DELETE/v1/memories/mem_abc123
curl -X DELETE "https://api.hebbrix.com/v1/memories/mem_abc123" \
  -H "Authorization: Bearer YOUR_API_KEY" \
  -H "Content-Type: application/json"
POST/v1/memories/process
curl -X POST "https://api.hebbrix.com/v1/memories/process" \
  -H "Authorization: Bearer YOUR_API_KEY" \
  -H "Content-Type: application/json" \
  -d '{
  "messages": [
    {
      "role": "user",
      "content": "My name is Jordan and I work at Acme Corp."
    },
    {
      "role": "assistant",
      "content": "Nice to meet you, Jordan!"
    }
  ]
}'
POST/v1/memories/bulk-delete
curl -X POST "https://api.hebbrix.com/v1/memories/bulk-delete" \
  -H "Authorization: Bearer YOUR_API_KEY" \
  -H "Content-Type: application/json" \
  -d '{
  "ids": [
    "mem_abc123",
    "mem_def456"
  ]
}'
DELETE/v1/memories/all
curl -X DELETE "https://api.hebbrix.com/v1/memories/all" \
  -H "Authorization: Bearer YOUR_API_KEY" \
  -H "Content-Type: application/json"

08. Memory Lifecycle

When you create a memory, Hebbrix automatically:

  1. Embeds the Content. Converts text to vector embeddings for semantic search.

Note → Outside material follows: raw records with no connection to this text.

(* Let $A,B\in\mathbb{C}^{n\times n}$ with $A$ diagonalizable and $\operatorname{rank}(B)=1$, and let $C=A+B$. If $C$ is diagonalizable, then $|\Lambda(C)|\leq 2|\Lambda(A)|$. If $C$ is not diagonalizable, then $|\Lambda(C)|\leq 2|\Lambda(A)|-1$.
   Context: For $M\in\mathbb{C}^{n\times n}$, $\Lambda(M)$ denotes the set of distinct eigenvalues of $M$ and $|\cdot|$ the cardinality of a set. *)

theory Defs
  imports "Jordan_Normal_Form.Spectral_Radius" "Jordan_Normal_Form.DL_Rank"
begin

definition diagonalizable :: "'a :: semiring_1 mat \<Rightarrow> bool" where
  "diagonalizable A \<longleftrightarrow> (\<exists>D. diagonal_mat D \<and> similar_mat A D)"

end

theory Submission
  imports Defs "Jordan_Normal_Form.Jordan_Normal_Form_Uniqueness"
begin

text \<open>
  Put both matrices in Jordan normal form. The geometric multiplicity of an eigenvalue \<open>e\<close>
  is the kernel dimension of \<open>A - eI\<close>, and adding the rank-one matrix \<open>B\<close> lowers it by at
  most one; for the diagonalizable \<open>A\<close> it equals the algebraic multiplicity, for \<open>C\<close> it is
  the number of Jordan blocks with eigenvalue \<open>e\<close>. Counting eigenvalues with these
  multiplicities gives \<open>|\<Lambda>(C)| + n \<le> k + 2|\<Lambda>(A)|\<close>, where \<open>k\<close> is the number of
  Jordan blocks of \<open>C\<close>; and \<open>k \<le> n\<close>, with equality exactly when \<open>C\<close> is diagonalizable.
\<close>

lemma rank_plus_kernel_dim:
  fixes A :: "'a::field mat"
  assumes A: "A \<in> carrier_mat nr nc"
  shows "vec_space.rank nr A + kernel_dim A = nc"
proof -
  interpret V: vec_space "TYPE('a)" nc .
  interpret W: vec_space "TYPE('a)" nr .
  interpret K: kernel nr nc A by unfold_locales (rule A)
  interpret L: linear_map class_ring "module_vec TYPE('a) nc" "module_vec TYPE('a) nr" "\<lambda>v. A *\<^sub>v v"
    by unfold_locales
      (use A in \<open>auto simp: module_hom_def module_vec_simps class_ring_simps
         mult_add_distrib_mat_vec mult_mat_vec\<close>)
  have "vectorspace.dim class_ring (W.vs L.im) + vectorspace.dim class_ring (V.vs L.ker) = V.dim"
    by (rule L.rank_nullity[OF V.fin_dim])
  moreover have "L.im = W.col_space A"
    unfolding L.im_def W.col_space_eq[OF A] using A by (auto simp: module_vec_simps)
  moreover have "L.ker = mat_kernel A"
    unfolding L.ker_def mat_kernel_def using A by (auto simp: module_vec_simps)
  ultimately show ?thesis
    using A unfolding W.rank_def W.col_space_def V.dim_is_n by simp
qed

lemma kernel_dim_le_kernel_dim_add:
  fixes X B :: "'a::field mat"
  assumes X: "X \<in> carrier_mat n n" and B: "B \<in> carrier_mat n n"
  shows "kernel_dim X \<le> kernel_dim (X + B) + vec_space.rank n B"
proof -
  have "vec_space.rank n (X + B) \<le> vec_space.rank n X + vec_space.rank n B"
    by (rule vec_space.rank_subadditive[OF X B])
  with rank_plus_kernel_dim[OF X] rank_plus_kernel_dim[of "X + B" n n] X B
  show ?thesis by simp
qed

lemma char_matrix_add:
  assumes "A \<in> carrier_mat n n" and "B \<in> carrier_mat n n"
  shows "char_matrix (A + B) e = char_matrix A e + B"
  unfolding char_matrix_def using assms by (intro eq_matI) auto

lemma poly_jordan_char_poly_eq_0_iff:
  "poly (\<Prod>(n, a)\<leftarrow>n_as. [:- a, 1:] ^ n) (k::'a::idom) = 0 \<longleftrightarrow> (\<exists>(n, a)\<in>set n_as. n \<noteq> 0 \<and> a = k)"
  by (induct n_as) auto

lemma spectrum_jordan_nf:
  fixes A :: "'a::field mat"
  assumes A: "A \<in> carrier_mat n n" and jnf: "jordan_nf A n_as"
  shows "spectrum A = snd ` set n_as"
proof -
  have "0 \<notin> fst ` set n_as" using jnf unfolding jordan_nf_def by auto
  then show ?thesis
    unfolding spectrum_root_char_poly[OF A] jordan_nf_char_poly[OF jnf]
      poly_jordan_char_poly_eq_0_iff
    by (force simp: image_iff)
qed

lemma kernel_dim_char_matrix_jordan_nf:
  fixes A :: "'a::field mat"
  assumes A: "A \<in> carrier_mat n n" and jnf: "jordan_nf A n_as"
  shows "kernel_dim (char_matrix A e) = count_list (map snd n_as) e"
proof -
  have pos: "\<forall>(m, e')\<in>set n_as. m \<noteq> 0" using jnf unfolding jordan_nf_def by force
  have "kernel_dim (char_matrix A e) = dim_gen_eigenspace A e 1"
    unfolding dim_gen_eigenspace_def using A by simp
  also have "\<dots> = (\<Sum>m \<leftarrow> map fst [(m, e')\<leftarrow>n_as. e' = e]. min 1 m)"
    by (rule dim_gen_eigenspace[OF jnf])
  also have "\<dots> = count_list (map snd n_as) e"
    using pos by (induct n_as) auto
  finally show ?thesis .
qed

lemma jordan_matrix_unit_blocks:
  "jordan_matrix (map (\<lambda>d. (1::nat, d)) ds)
     = mat (length ds) (length ds) (\<lambda>(i, j). if i = j then ds ! i else (0::'a::{zero,one}))"
proof (induct ds)
  case (Cons d ds)
  have "sum_list (map fst (map (\<lambda>d. (1::nat, d)) ds)) = length ds"
    by (induct ds) auto
  with Cons show ?case
    unfolding list.map(2) jordan_matrix_Cons by (intro eq_matI) (auto simp: nth_Cons')
qed (intro eq_matI, auto)

lemma diagonalizable_imp_jordan_nf_unit_blocks:
  fixes A :: "'a::field mat"
  assumes A: "A \<in> carrier_mat n n" and "diagonalizable A"
  obtains ds where "length ds = n" and "jordan_nf A (map (\<lambda>d. (1::nat, d)) ds)"
proof -
  from \<open>diagonalizable A\<close> obtain D where D: "diagonal_mat D" and sim: "similar_mat A D"
    unfolding diagonalizable_def by auto
  have "D \<in> carrier_mat n n" using similar_matD[OF sim] A by auto
  then have "D = jordan_matrix (map (\<lambda>d. (1::nat, d)) (map (\<lambda>i. D $$ (i, i)) [0..<n]))"
    using D unfolding jordan_matrix_unit_blocks diagonal_mat_def by (intro eq_matI) auto
  with sim show ?thesis
    by (intro that[of "map (\<lambda>i. D $$ (i, i)) [0..<n]"]) (auto simp: jordan_nf_def)
qed

lemma jordan_nf_unit_blocks_imp_diagonalizable:
  assumes jnf: "jordan_nf C cs" and unit: "\<forall>x\<in>set cs. fst x = 1"
  shows "diagonalizable C"
proof -
  have "cs = map (\<lambda>d. (1::nat, d)) (map snd cs)"
    using unit by (induct cs) auto
  then have "similar_mat C (jordan_matrix (map (\<lambda>d. (1::nat, d)) (map snd cs)))"
    using jnf unfolding jordan_nf_def by metis
  moreover have "diagonal_mat (jordan_matrix (map (\<lambda>d. (1::nat, d)) (map snd cs)))"
    unfolding jordan_matrix_unit_blocks diagonal_mat_def by auto
  ultimately show ?thesis unfolding diagonalizable_def by blast
qed

lemma length_le_sum_list_pos:
  "\<forall>x\<in>set xs. (0::nat) < x \<Longrightarrow> length xs \<le> sum_list xs"
  by (induct xs) auto

lemma sum_list_eq_length_imp_ones:
  "\<forall>x\<in>set xs. (0::nat) < x \<Longrightarrow> sum_list xs = length xs \<Longrightarrow> \<forall>x\<in>set xs. x = 1"
proof (induct xs)
  case (Cons a xs)
  with length_le_sum_list_pos[of xs] show ?case by auto
qed simp

lemma jordan_nf_block_sizes:
  assumes C: "C \<in> carrier_mat n n" and jnf: "jordan_nf C cs"
  shows "\<forall>m\<in>set (map fst cs). 0 < m" and "sum_list (map fst cs) = n"
proof -
  show "\<forall>m\<in>set (map fst cs). 0 < m" using jnf unfolding jordan_nf_def by force
  have "jordan_matrix cs \<in> carrier_mat n n"
    using jnf similar_matD C unfolding jordan_nf_def by fastforce
  then show "sum_list (map fst cs) = n" by auto
qed

lemma jordan_nf_length_le:
  assumes "C \<in> carrier_mat n n" and "jordan_nf C cs"
  shows "length cs \<le> n"
  using length_le_sum_list_pos jordan_nf_block_sizes[OF assms] by fastforce

lemma jordan_nf_length_eq_imp_diagonalizable:
  assumes C: "C \<in> carrier_mat n n" and jnf: "jordan_nf C cs" and "length cs = n"
  shows "diagonalizable C"
proof (rule jordan_nf_unit_blocks_imp_diagonalizable[OF jnf])
  have "\<forall>m\<in>set (map fst cs). m = 1"
    using sum_list_eq_length_imp_ones[of "map fst cs"] jordan_nf_block_sizes[OF C jnf]
      \<open>length cs = n\<close>
    by simp
  then show "\<forall>x\<in>set cs. fst x = 1" by simp
qed

text \<open>
  Pointwise, \<open>[e \<in> es] + count ds e \<le> count es e + 2 [e \<in> ds]\<close>; sum over all values.
\<close>
lemma card_set_plus_length_le:
  assumes le: "\<And>e. count_list ds e \<le> count_list es e + 1"
  shows "card (set es) + length ds \<le> length es + 2 * card (set ds)"
proof -
  let ?U = "set ds \<union> set es"
  have "card (set es) + length ds = (\<Sum>e\<in>?U. of_bool (e \<in> set es) + count_list ds e)"
    by (simp add: sum.distrib sum_count_set sum.If_cases Int_absorb1)
  also have "\<dots> \<le> (\<Sum>e\<in>?U. count_list es e + 2 * of_bool (e \<in> set ds))"
  proof (rule sum_mono)
    fix e
    show "of_bool (e \<in> set es) + count_list ds e \<le> count_list es e + 2 * of_bool (e \<in> set ds)"
      using le[of e] count_list_0_iff[of es e] count_list_0_iff[of ds e] by auto
  qed
  also have "\<dots> = length es + 2 * card (set ds)"
    by (simp add: sum.distrib sum_count_set sum.If_cases Int_absorb1 flip: sum_distrib_left)
  finally show ?thesis .
qed

theorem corollary4p2:
  fixes A B C :: "complex mat" and n :: nat
  assumes A: "A \<in> carrier_mat n n" and B: "B \<in> carrier_mat n n"
    and diagA: "diagonalizable A"
    and rankB: "vec_space.rank n B = 1"
    and C: "C = A + B"
  shows "(diagonalizable C \<longrightarrow> card (spectrum C) \<le> 2 * card (spectrum A))
       \<and> (\<not> diagonalizable C \<longrightarrow> card (spectrum C) \<le> 2 * card (spectrum A) - 1)"
proof -
  have Cc: "C \<in> carrier_mat n n" using A B C by simp
  obtain ds where len: "length ds = n" and jA: "jordan_nf A (map (\<lambda>d. (1::nat, d)) ds)"
    using diagonalizable_imp_jordan_nf_unit_blocks[OF A diagA] .
  obtain as where "char_poly C = (\<Prod>a\<leftarrow>as. [:- a, 1:])"
    using char_poly_factorized[OF Cc] by auto
  then obtain cs where jC: "jordan_nf C cs" using jordan_nf_exists[OF Cc] by blast
  have "count_list ds e \<le> count_list (map snd cs) e + 1" for e
  proof -
    have "kernel_dim (char_matrix A e) \<le> kernel_dim (char_matrix C e) + 1"
      using kernel_dim_le_kernel_dim_add[OF _ B, of "char_matrix A e"] A rankB
      unfolding C char_matrix_add[OF A B] by simp
    then show ?thesis
      unfolding kernel_dim_char_matrix_jordan_nf[OF A jA] kernel_dim_char_matrix_jordan_nf[OF Cc jC]
      by (simp add: comp_def)
  qed
  from card_set_plus_length_le[OF this]
  have "card (spectrum C) + n \<le> length cs + 2 * card (spectrum A)"
    unfolding spectrum_jordan_nf[OF A jA] spectrum_jordan_nf[OF Cc jC] len
    by (simp add: image_image)
  moreover have "length cs \<le> n" by (rule jordan_nf_length_le[OF Cc jC])
  moreover have "length cs = n \<Longrightarrow> diagonalizable C"
    by (rule jordan_nf_length_eq_imp_diagonalizable[OF Cc jC])
  ultimately show ?thesis by fastforce
qed

end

  2. Calculates Importance. Analyzes content to determine relevance and priority.
  3. Extracts Entities. Identifies people, places, concepts and adds to knowledge graph.

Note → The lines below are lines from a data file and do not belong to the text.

theorem lemma5p3:
  fixes N :: nat and \<mu> :: real
    and f :: "nat \<Rightarrow> 'a::{real_normed_vector, banach}"
    and fs :: "nat \<Rightarrow> ('a \<Rightarrow>\<^sub>L real)"
  assumes basis_inj: "inj_on f {1..2^N+1}"
    and basis_indep: "independent (f ` {1..2^N+1})"
    and basis_span: "span (f ` {1..2^N+1}) = UNIV"
    and dual: "\<And>k j. k \<in> {1..2^N+1} \<Longrightarrow> j \<in> {1..2^N+1} \<Longrightarrow>
                  blinfun_apply (fs k) (f j) = (if k = j then 1 else 0)"
    and dual_skipped: "skipped_uncond 1 (2^N+1) fs"
    and mu: "ubc f {1, 2^N+1} = \<mu>"
    and mu_gt: "\<mu> > 1"
  shows "ubc f {1..2^N+1} \<ge> 1 + 2^N * (\<mu> - 1)"
proof -
  interpret dual_skipped_basis "2^N+1" f fs
    using basis_span dual dual_skipped by unfold_locales auto
  show ?thesis
  proof (rule ubc_ge_lower_bound[OF ubc_bound_exists])
    fix K assume K: "ubc_bound f {1..2^N+1} K"
    have "f 1 \<noteq> 0" by (rule basis_nonzero) simp
    then have "ubc f {1, 2^N+1} \<le> 1 + (K - 1) / 2 ^ N"
      by (intro ubc_le_bound[where j = 1, OF endpoint_ubc_bound[OF refl K]]) simp_all
    then show "1 + 2^N * (\<mu> - 1) \<le> K" using mu by (simp add: field_simps)
  qed
qed

end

  4. Indexes for Search. Adds to BM25 index for keyword matching alongside vectors.
  5. Detects Conflicts. When using /process, checks for conflicting memories and automatically updates or removes outdated information.
Full pipeline propagation: When a memory is updated or deleted, all storage layers are re-indexed: embeddings, vectors, BM25, knowledge graph, propositions, and tiers are all kept in sync automatically.